Evoquant les près de 6,5 millions d'électeurs de Marine Le Pen au premier tour de la présidentielle, dimanche, Nicolas Sarkozy a estimé qu'il était "normal qu'on leur parle" et indiqué qu'il n'avait "jamais frayé" avec les dirigeants du parti d'extrême droite.

A la question de savoir s'il ne risquait pas d'effrayer des électeurs centristes et modérés en évoquant des thèmes sensibles comme l'immigration, il a répondu: "Quand on parle à 40 millions d'électeurs, à 65 millions de Français, il y a toujours un risque, mais le pire risque c'est de ne pas leur parler." "Je conteste l'idée qu'entre les uns et les autres, il y aurait une barrière infranchissable", a-t-il ajouté. Le président sortant estime encore être parvenu, depuis le début de sa campagne, à "détacher autant de gens du Front national que des centristes sans qu'il y ait la moindre contradiction".

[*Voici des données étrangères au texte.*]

lemma nth_phi_pair_grains:
  assumes "j < length x"
  shows "phi (pair_grains S) x ! j = (if odd j \<and> j div 2 \<in> S then x ! (j - 1) else x ! j)"
proof -
  have "Suc j \<in> pair_grains S \<longleftrightarrow> odd j \<and> j div 2 \<in> S"
    unfolding pair_grains_def by (auto elim!: oddE)
  then show ?thesis
    using assms unfolding phi_def by (simp add: nth_upt del: upt_Suc)
qed

lemma phi_pair_grains_even: "2*i < length x \<Longrightarrow> phi (pair_grains S) x ! (2*i) = x ! (2*i)"
  by (simp add: nth_phi_pair_grains)

lemma phi_pair_grains_odd:
  "Suc (2*i) < length x \<Longrightarrow>
    phi (pair_grains S) x ! Suc (2*i) = (if i \<in> S then x ! (2*i) else x ! Suc (2*i))"
  by (simp add: nth_phi_pair_grains)

lemma mixed_pairs_subset: "mixed_pairs m x \<subseteq> {..<m}"
  unfolding mixed_pairs_def by auto

lemma finite_mixed_pairs [simp]: "finite (mixed_pairs m x)"
  using mixed_pairs_subset finite_subset by blast

lemma mixed_pairs_phi_pair_grains:
  "2*m \<le> length x \<Longrightarrow> mixed_pairs m (phi (pair_grains S) x) = mixed_pairs m x - S"
  unfolding mixed_pairs_def by (auto simp: phi_pair_grains_even phi_pair_grains_odd split: if_splits)

lemma length_flatten_pairs [simp]: "length (flatten_pairs m x) = length x"
  by (simp add: flatten_pairs_def)

lemma mixed_pairs_flatten_pairs: "2*m \<le> length x \<Longrightarrow> mixed_pairs m (flatten_pairs m x) = {}"
  by (simp add: flatten_pairs_def mixed_pairs_phi_pair_grains)

lemma grain_pattern_pair_grains: "S \<subseteq> {..<m} \<Longrightarrow> 2*m \<le> n \<Longrightarrow> grain_pattern n (pair_grains S)"
  unfolding grain_pattern_def pair_grains_def by auto presburger

lemma card_pair_grains: "card (pair_grains S) = card S"
  unfolding pair_grains_def by (rule card_image) (auto simp: inj_on_def)

lemma inj_on_phi_pair_grains:
  assumes "2*m \<le> length x"
  shows "inj_on (\<lambda>S. phi (pair_grains S) x) (Pow (mixed_pairs m x))"
proof
  fix S S' assume S: "S \<in> Pow (mixed_pairs m x)" and S': "S' \<in> Pow (mixed_pairs m x)"
    and eq: "phi (pair_grains S) x = phi (pair_grains S') x"
  show "S = S'"
  proof (rule ccontr)
    assume "S \<noteq> S'"
    then obtain i where i: "i \<in> S \<longleftrightarrow> i \<notin> S'" by blast
    then have "i \<in> mixed_pairs m x" using S S' by blast
    then have "2*i + 1 < length x" "x ! (2*i) \<noteq> x ! (2*i+1)"
      using assms by (auto simp: mixed_pairs_def)
    moreover have "phi (pair_grains S) x ! (2*i+1) = phi (pair_grains S') x ! (2*i+1)"
      using eq by simp
    ultimately show False using i by (simp add: phi_pair_grains_odd split: if_splits)
  qed
qed
text \<open>The integrating factor \<open>exp (k A)\<close> with \<open>A' = 1 / \<tau>\<close> solves \<open>\<tau> V\<^sub>t = k V - \<rho>\<close>
  by variation of constants, with the transversal parameter \<open>p\<close> carried along.\<close>
lemma linear_ode_solution:
  fixes \<tau> A :: "real \<Rightarrow> real" and \<rho> :: "real \<times> real \<Rightarrow> real" and k :: real
  assumes P: "open P" "convex P" and a: "\<alpha> < a"
    and A: "\<forall>t\<in>{\<alpha><..<\<beta>}. \<tau> t \<noteq> 0 \<and> (A has_real_derivative 1 / \<tau> t) (at t)"
    and As: "smooth1_on {\<alpha><..<\<beta>} A" and \<tau>: "smooth1_on {\<alpha><..<\<beta>} \<tau>"
    and \<rho>: "smooth2_on ({\<alpha><..<\<beta>} \<times> P) \<rho>"
  defines "V \<equiv> \<lambda>q. - exp (k * A (fst q)) * integral {a..fst q} (\<lambda>s. exp (- k * A s) * \<rho> (s, snd q) / \<tau> s)"
  shows "smooth2_on ({a<..<\<beta>} \<times> P) V"
    and "\<forall>q\<in>{a<..<\<beta>} \<times> P. \<exists>Vp.
      (V has_derivative (\<lambda>h. (k * V q - \<rho> q) / \<tau> (fst q) * fst h + Vp * snd h)) (at q)"
proof -
  define S where "S = {\<alpha><..<\<beta>} \<times> P"
  define \<phi> where "\<phi> q = exp (- k * A (fst q)) * \<rho> q / \<tau> (fst q)" for q
  define G where "G q = integral {a..fst q} (\<lambda>s. \<phi> (s, snd q))" for q
  have V: "V q = - exp (k * A (fst q)) * G q" for q
    by (simp add: V_def G_def \<phi>_def)
  have lift: "smooth2_on S (\<lambda>q. f (fst q))" if "smooth1_on {\<alpha><..<\<beta>} f" for f
    using that by (rule smooth2_on_compose_fst) (auto simp: S_def)
  have "smooth2_on S \<phi>"
    unfolding \<phi>_def using A \<rho>
    by (intro smooth2_on_divide smooth2_on_mult smooth2_on_exp smooth2_on_cmult lift As \<tau>)
      (auto simp: S_def)
  then obtain \<phi>a \<phi>b where \<phi>': "\<forall>q\<in>S. (\<phi> has_derivative (\<lambda>h. \<phi>a q * fst h + \<phi>b q * snd h)) (at q)"
    and "smooth2_on S \<phi>b"
    by (rule smooth2_onE)
  have Gs: "smooth2_on ({a<..<\<beta>} \<times> P) G"
    unfolding G_def using smooth2_on_parametric_integral[OF P a] \<open>smooth2_on S \<phi>\<close> by (simp add: S_def)
  have liftA: "smooth2_on ({a<..<\<beta>} \<times> P) (\<lambda>q. A (fst q))"
    by (rule smooth2_on_compose_fst[OF As]) (use a in auto)
  show "smooth2_on ({a<..<\<beta>} \<times> P) V"
    unfolding V using smooth2_on_mult[OF smooth2_on_cmult[OF smooth2_on_exp[OF smooth2_on_cmult[OF liftA]]] Gs,
        of "- 1" k]
    by simp
  show "\<forall>q\<in>{a<..<\<beta>} \<times> P. \<exists>Vp.
      (V has_derivative (\<lambda>h. (k * V q - \<rho> q) / \<tau> (fst q) * fst h + Vp * snd h)) (at q)"
  proof
    fix q assume q: "q \<in> {a<..<\<beta>} \<times> P"
    define t E where "t = fst q" and "E = exp (k * A t)"
    have t: "t \<in> {\<alpha><..<\<beta>}" "\<tau> t \<noteq> 0" using q a A by (auto simp: t_def)
    have "((\<lambda>s. - exp (k * A s)) has_real_derivative - (E * (k * (1 / \<tau> t)))) (at t)"
      unfolding E_def using A t(1) by (auto intro!: derivative_eq_intros)
    from has_derivative_compose_fst[OF this[unfolded t_def]]
    have E': "((\<lambda>q. - exp (k * A (fst q))) has_derivative
        (\<lambda>h. - (E * (k / \<tau> t)) * fst h + 0 * snd h)) (at q)"
      by (simp add: t_def)
    have G': "(G has_derivative
        (\<lambda>h. \<phi> q * fst h + integral {a..t} (\<lambda>s. \<phi>b (s, snd q)) * snd h)) (at q)"
      using has_derivative_parametric_integral[OF P a \<phi>'[unfolded S_def] smooth2_on_continuous_on[OF \<open>smooth2_on S \<phi>\<close>[unfolded S_def]]
          smooth2_on_continuous_on[OF \<open>smooth2_on S \<phi>b\<close>[unfolded S_def]], of t "snd q"] q
      by (auto simp: G_def[abs_def] t_def)
    have "E * \<phi> q = \<rho> q / \<tau> t"
      by (simp add: E_def \<phi>_def t_def exp_minus field_simps)
    then have Vt: "- (E * (k / \<tau> t)) * G q - E * \<phi> q = (k * V q - \<rho> q) / \<tau> (fst q)"
      using t(2) by (simp add: V E_def t_def field_simps)
    have Vfun: "V = (\<lambda>q. - exp (k * A (fst q)) * G q)" using V by (simp add: fun_eq_iff)
    have "(V has_derivative (\<lambda>h. (- (E * (k / \<tau> t)) * G q - E * \<phi> q) * fst h
        + (- E * integral {a..t} (\<lambda>s. \<phi>b (s, snd q))) * snd h)) (at q)"
      unfolding Vfun
      by (rule has_derivative_eq_rhs[OF has_derivative_mult[OF E' G']])
        (simp add: fun_eq_iff E_def t_def algebra_simps)
    then show "\<exists>Vp.
        (V has_derivative (\<lambda>h. (k * V q - \<rho> q) / \<tau> (fst q) * fst h + Vp * snd h)) (at q)"
      unfolding Vt by blast
  qed
qed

Interrogé sur les réserves émanant de son propre camp sur les risques d'une trop forte droitisation de sa campagne, il a invoqué les scores du premier tour de la présidentielle 2002, où l'extrême droite a fait jeu égal avec le candidat de droite Jacques Chirac. "Les chiffres sont violents: au premier tour de l'élection présidentielle de 2002, Le Pen plus (Bruno) Mégret, ça fait 19, Jacques Chirac 19. En 2012, Mme Le Pen fait 18, je fais 27. Y a-t-il une erreur de stratégie?"